NEW YORK ( TheStreet) -- NetScout Systems (Nasdaq: NTCT) has been upgraded by TheStreet Ratings from hold to buy. The company's strengths can be seen in multiple areas, such as its revenue growth, largely solid financial position with reasonable debt levels by most measures, reasonable valuation levels, good cash flow from operations and expanding profit margins. We feel these strengths outweigh the fact that the company has had sub par growth in net income. Highlights from the ratings report include:
- NTCT's revenue growth has slightly outpaced the industry average of 0.4%. Since the same quarter one year prior, revenues slightly increased by 9.1%. This growth in revenue does not appear to have trickled down to the company's bottom line, displayed by a decline in earnings per share.
- Although NTCT's debt-to-equity ratio of 0.19 is very low, it is currently higher than that of the industry average. To add to this, NTCT has a quick ratio of 1.78, which demonstrates the ability of the company to cover short-term liquidity needs.

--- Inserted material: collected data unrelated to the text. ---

lemma card_le_spokes_plus_rim_edges:
  assumes "S \<subseteq> wheel_E d"
  shows "card S \<le> card {i \<in> {1..d}. {0, i} \<in> S} + card {j \<in> {1..d}. {j, j mod d + 1} \<in> S}"
proof -
  let ?A = "{i \<in> {1..d}. {0, i} \<in> S}" and ?J = "{j \<in> {1..d}. {j, j mod d + 1} \<in> S}"
  have "S \<subseteq> (\<lambda>i. {0, i}) ` ?A \<union> (\<lambda>j. {j, j mod d + 1}) ` ?J"
  proof
    fix e assume "e \<in> S"
    with assms have "e \<in> wheel_E d" by blast
    then show "e \<in> (\<lambda>i. {0, i}) ` ?A \<union> (\<lambda>j. {j, j mod d + 1}) ` ?J"
      by (rule wheel_E_cases) (use \<open>e \<in> S\<close> in auto)
  qed
  then have "card S \<le> card ((\<lambda>i. {0, i}) ` ?A \<union> (\<lambda>j. {j, j mod d + 1}) ` ?J)"
    by (intro card_mono) auto
  also have "\<dots> \<le> card ((\<lambda>i. {0, i}) ` ?A) + card ((\<lambda>j. {j, j mod d + 1}) ` ?J)"
    by (rule card_Un_le)
  also have "\<dots> \<le> card ?A + card ?J"
    by (intro add_mono card_image_le) auto
  finally show ?thesis .
qed

lemma rainbow_spoke_and_rim_edge_unmarked:
  assumes "3 \<le> d" "1 \<le> j" "j \<le> d" and rainbow: "inj_on (wheel_colouring p d) S"
    and "{0, j} \<in> S" "{j, j mod d + 1} \<in> S"
  shows "\<not> rim_marked p j"
proof
  assume "rim_marked p j"
  then have "wheel_colouring p d {0, j} = wheel_colouring p d {j, j mod d + 1}"
    using wheel_colouring_rim_edge[OF assms(1-3), of p] assms(2)
    by (simp add: wheel_colouring_spoke rim_colour_def)
  then have "{0, j} = {j, j mod d + 1}" by (rule inj_onD[OF rainbow _ assms(5,6)])
  then show False using assms(2) by (simp add: doubleton_eq_iff)
qed

lemma wheel_colouring_rainbow_edges_less:
  fixes t :: nat
  assumes "4 \<le> t" "3 \<le> d" "U \<subseteq> {0..d}" "card U = t" "S \<subseteq> wheel_E d" "\<forall>e\<in>S. e \<subseteq> U"
    and rainbow: "inj_on (wheel_colouring (t - 2) d) S"
  shows "card S < 2 * t - 3"
proof (rule ccontr)
  let ?succ = "\<lambda>j. j mod d + 1"
  define A where "A = {i \<in> {1..d}. {0, i} \<in> S}"
  define J where "J = {j \<in> {1..d}. {j, ?succ j} \<in> S}"
  assume "\<not> card S < 2 * t - 3"
  then have AJ: "2 * t - 3 \<le> card A + card J"
    using card_le_spokes_plus_rim_edges[OF assms(5)] unfolding A_def J_def by linarith
  have "finite U" using assms(3) by (rule finite_subset) simp
  have "A \<subseteq> U - {0}" unfolding A_def using assms(6) by auto
  have "J \<subseteq> U - {0}" unfolding J_def using assms(6) by auto
  have "?succ ` J \<subseteq> U - {0}" unfolding J_def using assms(6) by auto
  show False
  proof (cases "0 \<in> U")
    case False
    then have "A = {}" unfolding A_def using assms(6) by blast
    moreover have "card J \<le> card U" using \<open>finite U\<close> \<open>J \<subseteq> U - {0}\<close> by (intro card_mono) auto
    ultimately show False using AJ assms(1,4) by simp
  next
    case True
    define R where "R = U - {0}"
    have R: "finite R" "card R = t - 1" "R \<subseteq> {1..d}"
      using \<open>finite U\<close> True assms(3,4) unfolding R_def by auto
    have "finite A" "finite J" unfolding A_def J_def by simp_all
    then have "card A + card J = card (A \<union> J) + card (A \<inter> J)" by (rule card_Un_Int)
    moreover have "card (A \<union> J) \<le> card R"
      using \<open>A \<subseteq> U - {0}\<close> \<open>J \<subseteq> U - {0}\<close> by (intro card_mono[OF R(1)]) (simp add: R_def)
    ultimately have "t - 2 \<le> card (A \<inter> J)" using AJ R(2) assms(1) by linarith
    moreover have "card (A \<inter> J) < t - 2"
    proof (rule card_unmarked_rim_run_less)
      show "0 < t - 2" using assms(1) by simp
      show "finite R" "R \<subseteq> {1..d}" by (fact R)+
      show "A \<inter> J \<subseteq> R" using \<open>A \<subseteq> U - {0}\<close> unfolding R_def by blast
      show "?succ ` (A \<inter> J) \<subseteq> R" using \<open>?succ ` J \<subseteq> U - {0}\<close> unfolding R_def by blast
      show "card R \<le> card (A \<inter> J) + 1" using R(2) \<open>t - 2 \<le> card (A \<inter> J)\<close> by linarith
      show "\<forall>j\<in>A \<inter> J. \<not> rim_marked (t - 2) j"
        using rainbow_spoke_and_rim_edge_unmarked[OF assms(2) _ _ rainbow]
        unfolding A_def J_def by auto
    qed
    ultimately show False by linarith
  qed
qed

lemma wheel_colouring_no_rainbow_fan:
  assumes "4 \<le> t" "3 \<le> d"
  shows "\<not> has_rainbow_copy (wheel_V d) (wheel_E d) (wheel_colouring (t - 2) d) (fan_V t) (fan_E t)"
proof
  assume "has_rainbow_copy (wheel_V d) (wheel_E d) (wheel_colouring (t - 2) d) (fan_V t) (fan_E t)"
  then obtain U S where U: "U \<subseteq> wheel_V d" "card U = card (fan_V t)"
    and S: "S \<subseteq> wheel_E d" "card S = card (fan_E t)" "\<forall>e\<in>S. e \<subseteq> U"
    and rainbow: "inj_on (wheel_colouring (t - 2) d) S"
    by (rule rainbow_copy_edge_set[OF _ fan_E_subset])
  have "card S < 2 * t - 3"
    using U S(1,3) rainbow unfolding wheel_V_def fan_V_def
    by (intro wheel_colouring_rainbow_edges_less[OF assms]) simp_all
  then have "card (fan_E t) < 2 * t - 3" using S(2) by simp
  moreover have "2 * t - 3 \<le> card (fan_E t)" using assms(1) by (intro card_fan_E_ge) simp
  ultimately show False by simp
qed

theorem theorem4p1:
  fixes d t :: nat
  assumes "t \<ge> 4" and "d \<ge> t - 1"
  shows "rb (wheel_V d) (wheel_E d) (fan_V t) (fan_E t)
           \<ge> nat \<lfloor>(real (2 * t - 5) / real (t - 2)) * real d\<rfloor> + 1"
proof -
  let ?p = "t - 2"
  have "3 \<le> d" "0 < ?p" "2 * t - 5 = 2 * ?p - 1" using assms by linarith+
  then have "nat \<lfloor>(real (2 * t - 5) / real (t - 2)) * real d\<rfloor> = (2 * ?p - 1) * d div ?p"
    by (simp only: nat_floor_divide_times)
  also have "\<dots> \<le> 2 * d - ((d - 1) div ?p + 1)"
    using div_add_div_le_double[of ?p d] \<open>3 \<le> d\<close> \<open>0 < ?p\<close> by linarith
  also have "\<dots> \<le> 2 * d - card {j \<in> {1..d}. rim_marked ?p j}"
    using card_rim_marked_le[OF \<open>0 < ?p\<close>] by (rule diff_le_mono2)
  also have "\<dots> \<le> card (wheel_colouring ?p d ` wheel_E d)"
    using \<open>3 \<le> d\<close> by (rule card_wheel_colouring_ge)
  also have "\<dots> < rb (wheel_V d) (wheel_E d) (fan_V t) (fan_E t)"
    using finite_wheel_E wheel_colouring_no_rainbow_fan[OF assms(1) \<open>3 \<le> d\<close>]
    by (rule card_image_less_rb)
  finally show ?thesis by simp
qed

end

- Net operating cash flow has significantly increased by 83.76% to $25.96 million when compared to the same quarter last year. In addition, NETSCOUT SYSTEMS INC has also vastly surpassed the industry average cash flow growth rate of 23.75%.
- The gross profit margin for NETSCOUT SYSTEMS INC is currently very high, coming in at 83.70%. It has increased from the same quarter the previous year. Despite the strong results of the gross profit margin, NTCT's net profit margin of 12.00% significantly trails the industry average.